◆ **What you will do**
I would like each line of the data that holds the word "cell" copied out.

Stored data entries
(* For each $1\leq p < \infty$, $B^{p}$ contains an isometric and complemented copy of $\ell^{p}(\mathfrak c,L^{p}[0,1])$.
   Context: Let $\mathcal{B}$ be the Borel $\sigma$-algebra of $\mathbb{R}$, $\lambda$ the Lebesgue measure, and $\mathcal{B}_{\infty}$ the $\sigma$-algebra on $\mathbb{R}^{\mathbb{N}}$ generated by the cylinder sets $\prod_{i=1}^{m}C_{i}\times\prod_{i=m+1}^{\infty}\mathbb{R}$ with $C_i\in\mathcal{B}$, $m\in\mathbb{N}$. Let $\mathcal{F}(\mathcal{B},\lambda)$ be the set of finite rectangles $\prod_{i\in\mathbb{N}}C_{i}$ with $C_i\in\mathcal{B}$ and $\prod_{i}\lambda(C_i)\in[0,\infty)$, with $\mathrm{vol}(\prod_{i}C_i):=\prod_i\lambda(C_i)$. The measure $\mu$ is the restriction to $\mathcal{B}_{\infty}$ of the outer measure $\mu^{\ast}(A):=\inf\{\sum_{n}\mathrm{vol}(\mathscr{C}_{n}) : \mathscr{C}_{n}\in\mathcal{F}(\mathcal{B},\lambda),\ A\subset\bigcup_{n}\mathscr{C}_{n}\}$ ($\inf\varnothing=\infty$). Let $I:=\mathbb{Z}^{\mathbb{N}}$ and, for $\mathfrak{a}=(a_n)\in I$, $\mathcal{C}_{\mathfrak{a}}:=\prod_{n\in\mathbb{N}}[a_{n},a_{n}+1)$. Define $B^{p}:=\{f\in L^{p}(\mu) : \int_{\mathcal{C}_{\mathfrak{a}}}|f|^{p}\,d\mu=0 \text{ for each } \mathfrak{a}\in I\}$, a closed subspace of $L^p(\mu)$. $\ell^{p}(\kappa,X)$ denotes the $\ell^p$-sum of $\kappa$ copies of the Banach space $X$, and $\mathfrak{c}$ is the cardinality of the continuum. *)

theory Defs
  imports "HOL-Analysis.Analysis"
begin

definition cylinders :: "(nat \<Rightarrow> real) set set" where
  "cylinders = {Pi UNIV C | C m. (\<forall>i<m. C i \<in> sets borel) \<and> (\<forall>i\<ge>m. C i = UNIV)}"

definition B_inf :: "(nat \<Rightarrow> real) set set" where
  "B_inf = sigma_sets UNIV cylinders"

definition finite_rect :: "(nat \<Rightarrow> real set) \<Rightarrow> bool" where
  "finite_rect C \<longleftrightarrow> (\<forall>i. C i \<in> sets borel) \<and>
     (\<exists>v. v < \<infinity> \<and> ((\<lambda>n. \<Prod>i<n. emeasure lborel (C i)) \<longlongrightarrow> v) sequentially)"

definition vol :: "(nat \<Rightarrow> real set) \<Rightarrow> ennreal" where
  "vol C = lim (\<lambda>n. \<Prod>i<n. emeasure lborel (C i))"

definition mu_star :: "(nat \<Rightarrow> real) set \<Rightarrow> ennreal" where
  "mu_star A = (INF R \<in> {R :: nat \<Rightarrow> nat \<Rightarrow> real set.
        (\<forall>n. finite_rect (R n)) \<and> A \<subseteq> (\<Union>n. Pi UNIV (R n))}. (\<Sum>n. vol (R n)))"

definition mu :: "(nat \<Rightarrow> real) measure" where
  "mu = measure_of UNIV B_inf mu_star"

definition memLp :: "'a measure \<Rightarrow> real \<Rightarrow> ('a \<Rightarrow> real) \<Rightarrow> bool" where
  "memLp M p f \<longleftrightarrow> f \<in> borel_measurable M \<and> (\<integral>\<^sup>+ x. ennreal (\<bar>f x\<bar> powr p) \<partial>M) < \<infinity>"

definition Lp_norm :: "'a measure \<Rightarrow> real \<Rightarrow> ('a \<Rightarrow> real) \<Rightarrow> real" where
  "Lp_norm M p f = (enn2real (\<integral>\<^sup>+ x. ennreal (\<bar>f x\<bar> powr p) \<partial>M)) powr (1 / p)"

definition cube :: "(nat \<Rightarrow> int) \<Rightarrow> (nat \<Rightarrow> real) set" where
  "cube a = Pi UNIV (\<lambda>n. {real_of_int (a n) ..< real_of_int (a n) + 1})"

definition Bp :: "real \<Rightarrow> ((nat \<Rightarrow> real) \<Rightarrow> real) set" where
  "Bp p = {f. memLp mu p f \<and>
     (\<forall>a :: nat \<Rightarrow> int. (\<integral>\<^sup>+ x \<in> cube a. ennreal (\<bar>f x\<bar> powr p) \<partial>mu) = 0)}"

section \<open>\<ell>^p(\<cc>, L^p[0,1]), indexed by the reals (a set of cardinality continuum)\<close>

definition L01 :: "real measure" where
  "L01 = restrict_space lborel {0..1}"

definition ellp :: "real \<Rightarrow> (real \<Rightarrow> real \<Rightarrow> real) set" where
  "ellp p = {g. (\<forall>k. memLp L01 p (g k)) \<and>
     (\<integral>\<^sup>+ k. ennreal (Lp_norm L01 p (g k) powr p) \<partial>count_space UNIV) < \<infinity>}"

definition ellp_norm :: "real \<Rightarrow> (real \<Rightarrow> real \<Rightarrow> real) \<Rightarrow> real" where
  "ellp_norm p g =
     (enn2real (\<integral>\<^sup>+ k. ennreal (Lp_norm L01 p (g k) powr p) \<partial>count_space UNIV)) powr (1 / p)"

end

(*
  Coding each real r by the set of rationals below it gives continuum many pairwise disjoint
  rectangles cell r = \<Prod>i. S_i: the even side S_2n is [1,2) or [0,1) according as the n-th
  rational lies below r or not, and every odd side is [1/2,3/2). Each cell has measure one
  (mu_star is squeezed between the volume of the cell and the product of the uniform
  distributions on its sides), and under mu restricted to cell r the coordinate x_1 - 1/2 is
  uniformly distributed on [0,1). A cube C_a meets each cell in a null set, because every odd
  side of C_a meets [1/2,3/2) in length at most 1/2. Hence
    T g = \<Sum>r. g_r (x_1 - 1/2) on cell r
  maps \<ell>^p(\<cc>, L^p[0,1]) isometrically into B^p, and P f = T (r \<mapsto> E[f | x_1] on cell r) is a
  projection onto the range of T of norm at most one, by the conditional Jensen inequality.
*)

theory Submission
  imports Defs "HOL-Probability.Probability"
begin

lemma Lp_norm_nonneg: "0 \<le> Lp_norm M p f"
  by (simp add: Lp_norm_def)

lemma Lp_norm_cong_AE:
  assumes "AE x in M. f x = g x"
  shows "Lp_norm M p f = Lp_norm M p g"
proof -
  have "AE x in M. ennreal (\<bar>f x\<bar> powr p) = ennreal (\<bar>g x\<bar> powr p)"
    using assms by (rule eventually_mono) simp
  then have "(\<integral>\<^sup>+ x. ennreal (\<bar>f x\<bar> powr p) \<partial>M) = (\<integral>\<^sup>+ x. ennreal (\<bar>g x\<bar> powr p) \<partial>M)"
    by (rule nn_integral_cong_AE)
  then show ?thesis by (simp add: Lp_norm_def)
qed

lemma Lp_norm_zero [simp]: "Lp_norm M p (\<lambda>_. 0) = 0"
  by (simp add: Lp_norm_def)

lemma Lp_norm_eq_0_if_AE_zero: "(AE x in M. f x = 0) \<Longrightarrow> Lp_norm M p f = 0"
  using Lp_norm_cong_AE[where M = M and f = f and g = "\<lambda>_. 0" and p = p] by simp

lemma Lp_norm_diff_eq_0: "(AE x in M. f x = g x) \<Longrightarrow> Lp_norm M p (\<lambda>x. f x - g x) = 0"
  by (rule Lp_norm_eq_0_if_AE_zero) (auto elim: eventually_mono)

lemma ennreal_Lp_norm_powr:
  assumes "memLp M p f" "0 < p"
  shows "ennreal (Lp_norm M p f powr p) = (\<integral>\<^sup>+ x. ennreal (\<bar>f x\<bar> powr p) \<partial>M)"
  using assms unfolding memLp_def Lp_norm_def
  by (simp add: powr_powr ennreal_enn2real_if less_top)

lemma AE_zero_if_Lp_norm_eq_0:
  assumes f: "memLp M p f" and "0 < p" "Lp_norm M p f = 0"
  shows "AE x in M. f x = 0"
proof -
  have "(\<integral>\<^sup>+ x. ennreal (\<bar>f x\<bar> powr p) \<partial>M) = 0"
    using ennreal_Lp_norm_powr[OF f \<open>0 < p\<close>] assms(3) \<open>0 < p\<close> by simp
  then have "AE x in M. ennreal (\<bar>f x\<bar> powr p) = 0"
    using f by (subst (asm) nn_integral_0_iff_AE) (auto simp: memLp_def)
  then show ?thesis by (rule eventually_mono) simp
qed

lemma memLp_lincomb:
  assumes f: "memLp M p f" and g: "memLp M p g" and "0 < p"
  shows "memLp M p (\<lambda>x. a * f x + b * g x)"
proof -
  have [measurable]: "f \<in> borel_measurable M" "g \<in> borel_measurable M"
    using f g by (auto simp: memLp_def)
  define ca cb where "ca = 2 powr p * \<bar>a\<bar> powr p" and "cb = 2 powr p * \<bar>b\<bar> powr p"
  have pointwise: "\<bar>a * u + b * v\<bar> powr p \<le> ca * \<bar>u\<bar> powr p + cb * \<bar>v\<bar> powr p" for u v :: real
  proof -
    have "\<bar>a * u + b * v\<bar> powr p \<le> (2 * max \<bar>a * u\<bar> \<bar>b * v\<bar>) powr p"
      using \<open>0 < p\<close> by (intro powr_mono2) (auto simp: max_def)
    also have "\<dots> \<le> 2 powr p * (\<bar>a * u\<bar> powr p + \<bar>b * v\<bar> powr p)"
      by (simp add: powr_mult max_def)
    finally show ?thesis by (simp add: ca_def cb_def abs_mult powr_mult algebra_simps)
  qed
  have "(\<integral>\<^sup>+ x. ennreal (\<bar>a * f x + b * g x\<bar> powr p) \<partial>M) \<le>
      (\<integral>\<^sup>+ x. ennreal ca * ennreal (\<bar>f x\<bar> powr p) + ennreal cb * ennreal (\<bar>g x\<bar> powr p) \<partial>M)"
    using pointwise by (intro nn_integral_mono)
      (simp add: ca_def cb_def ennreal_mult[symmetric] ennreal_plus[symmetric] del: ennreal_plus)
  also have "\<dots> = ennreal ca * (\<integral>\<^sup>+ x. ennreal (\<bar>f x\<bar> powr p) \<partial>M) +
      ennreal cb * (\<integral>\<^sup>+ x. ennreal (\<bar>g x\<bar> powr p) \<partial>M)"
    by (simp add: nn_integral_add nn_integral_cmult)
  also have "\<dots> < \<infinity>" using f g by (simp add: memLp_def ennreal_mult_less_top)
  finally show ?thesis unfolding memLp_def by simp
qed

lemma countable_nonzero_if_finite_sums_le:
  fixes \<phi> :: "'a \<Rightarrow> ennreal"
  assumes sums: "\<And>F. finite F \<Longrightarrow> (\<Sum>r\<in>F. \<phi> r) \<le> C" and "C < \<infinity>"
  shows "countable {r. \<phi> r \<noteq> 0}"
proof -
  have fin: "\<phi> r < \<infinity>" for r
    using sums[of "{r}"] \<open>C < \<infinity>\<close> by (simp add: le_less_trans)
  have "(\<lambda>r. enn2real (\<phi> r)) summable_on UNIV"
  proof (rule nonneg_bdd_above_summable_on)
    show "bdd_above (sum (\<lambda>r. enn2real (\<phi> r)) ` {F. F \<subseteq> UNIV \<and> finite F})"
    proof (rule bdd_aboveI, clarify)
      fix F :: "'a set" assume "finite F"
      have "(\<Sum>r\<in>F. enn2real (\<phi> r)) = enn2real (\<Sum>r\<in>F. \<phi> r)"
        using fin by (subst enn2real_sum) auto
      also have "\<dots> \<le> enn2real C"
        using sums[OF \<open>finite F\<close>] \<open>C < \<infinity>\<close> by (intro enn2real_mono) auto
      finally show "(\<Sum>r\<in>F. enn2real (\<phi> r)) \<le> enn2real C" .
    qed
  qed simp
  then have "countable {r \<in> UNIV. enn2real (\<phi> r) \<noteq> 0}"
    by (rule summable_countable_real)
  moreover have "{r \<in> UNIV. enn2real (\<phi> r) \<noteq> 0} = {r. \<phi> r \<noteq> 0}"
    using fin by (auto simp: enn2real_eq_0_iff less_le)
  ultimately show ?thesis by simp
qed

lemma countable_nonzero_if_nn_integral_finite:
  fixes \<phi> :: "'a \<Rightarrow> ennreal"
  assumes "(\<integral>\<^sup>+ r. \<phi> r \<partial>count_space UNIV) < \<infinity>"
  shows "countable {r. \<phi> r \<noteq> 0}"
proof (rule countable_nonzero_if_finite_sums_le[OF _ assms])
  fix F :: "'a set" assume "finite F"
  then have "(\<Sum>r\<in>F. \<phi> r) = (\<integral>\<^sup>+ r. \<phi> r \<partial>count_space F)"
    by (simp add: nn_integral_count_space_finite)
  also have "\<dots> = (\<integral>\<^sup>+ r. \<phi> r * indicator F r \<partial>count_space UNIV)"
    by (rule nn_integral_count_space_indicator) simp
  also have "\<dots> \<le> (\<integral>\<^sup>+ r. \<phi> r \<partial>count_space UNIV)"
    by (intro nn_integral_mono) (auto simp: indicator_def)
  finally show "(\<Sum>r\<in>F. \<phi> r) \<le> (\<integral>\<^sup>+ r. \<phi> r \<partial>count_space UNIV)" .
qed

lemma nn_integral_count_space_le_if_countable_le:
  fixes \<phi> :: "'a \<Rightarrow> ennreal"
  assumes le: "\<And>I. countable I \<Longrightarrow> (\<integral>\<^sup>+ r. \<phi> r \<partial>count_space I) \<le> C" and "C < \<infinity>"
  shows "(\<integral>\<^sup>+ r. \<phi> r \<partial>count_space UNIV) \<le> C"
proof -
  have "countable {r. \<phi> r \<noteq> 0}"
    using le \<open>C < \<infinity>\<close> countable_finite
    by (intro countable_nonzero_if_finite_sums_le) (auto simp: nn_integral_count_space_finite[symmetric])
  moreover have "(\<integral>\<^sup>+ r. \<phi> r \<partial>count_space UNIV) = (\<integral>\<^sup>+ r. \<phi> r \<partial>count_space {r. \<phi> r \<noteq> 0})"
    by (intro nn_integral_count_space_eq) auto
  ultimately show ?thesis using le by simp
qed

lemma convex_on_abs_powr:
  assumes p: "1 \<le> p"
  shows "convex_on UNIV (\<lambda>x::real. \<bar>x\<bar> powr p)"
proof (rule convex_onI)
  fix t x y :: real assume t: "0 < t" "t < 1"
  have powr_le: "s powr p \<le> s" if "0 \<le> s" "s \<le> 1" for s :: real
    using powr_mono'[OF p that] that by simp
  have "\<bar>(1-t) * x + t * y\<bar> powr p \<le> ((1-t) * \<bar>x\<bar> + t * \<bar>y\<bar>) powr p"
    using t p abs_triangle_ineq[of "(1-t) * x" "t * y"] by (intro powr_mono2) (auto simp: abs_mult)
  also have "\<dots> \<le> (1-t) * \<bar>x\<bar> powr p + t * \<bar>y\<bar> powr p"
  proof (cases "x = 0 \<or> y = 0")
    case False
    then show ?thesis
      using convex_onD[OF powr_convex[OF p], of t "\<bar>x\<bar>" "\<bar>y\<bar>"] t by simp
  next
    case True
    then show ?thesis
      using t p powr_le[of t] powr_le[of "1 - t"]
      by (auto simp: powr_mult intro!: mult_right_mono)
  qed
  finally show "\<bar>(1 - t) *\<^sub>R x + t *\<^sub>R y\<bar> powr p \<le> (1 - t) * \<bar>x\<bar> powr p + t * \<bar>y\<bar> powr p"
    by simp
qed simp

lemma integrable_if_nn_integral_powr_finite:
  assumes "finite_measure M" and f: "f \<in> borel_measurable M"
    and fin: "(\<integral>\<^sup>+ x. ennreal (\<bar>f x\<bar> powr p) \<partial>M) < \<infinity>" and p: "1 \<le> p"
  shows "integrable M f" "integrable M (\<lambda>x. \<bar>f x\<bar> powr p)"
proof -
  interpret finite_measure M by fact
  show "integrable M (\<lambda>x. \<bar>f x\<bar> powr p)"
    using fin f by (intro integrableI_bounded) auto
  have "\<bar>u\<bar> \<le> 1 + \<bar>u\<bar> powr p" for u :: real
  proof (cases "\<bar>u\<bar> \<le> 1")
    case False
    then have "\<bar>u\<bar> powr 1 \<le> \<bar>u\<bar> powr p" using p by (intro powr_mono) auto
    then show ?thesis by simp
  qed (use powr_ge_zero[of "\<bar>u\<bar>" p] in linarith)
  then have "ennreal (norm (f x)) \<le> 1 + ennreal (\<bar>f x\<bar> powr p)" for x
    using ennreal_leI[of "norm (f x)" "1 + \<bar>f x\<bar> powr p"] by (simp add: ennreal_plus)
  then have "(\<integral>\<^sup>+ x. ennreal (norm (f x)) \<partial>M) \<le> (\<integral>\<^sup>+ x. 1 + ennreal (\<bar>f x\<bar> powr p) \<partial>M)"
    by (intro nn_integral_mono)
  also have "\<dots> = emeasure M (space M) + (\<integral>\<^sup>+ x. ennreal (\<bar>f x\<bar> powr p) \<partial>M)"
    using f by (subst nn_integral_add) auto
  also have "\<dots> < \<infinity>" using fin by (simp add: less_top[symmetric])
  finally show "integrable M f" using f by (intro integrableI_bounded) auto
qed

◆ **Exercise solution**
  rectangles cell r = \<Prod>i. S_i: the even side S_2n is [1,2) or [0,1) according as the n-th
  rational lies below r or not, and every odd side is [1/2,3/2). Each cell has measure one
  (mu_star is squeezed between the volume of the cell and the product of the uniform
  distributions on its sides), and under mu restricted to cell r the coordinate x_1 - 1/2 is
  uniformly distributed on [0,1). A cube C_a meets each cell in a null set, because every odd
    T g = \<Sum>r. g_r (x_1 - 1/2) on cell r
  maps \<ell>^p(\<cc>, L^p[0,1]) isometrically into B^p, and P f = T (r \<mapsto> E[f | x_1] on cell r) is a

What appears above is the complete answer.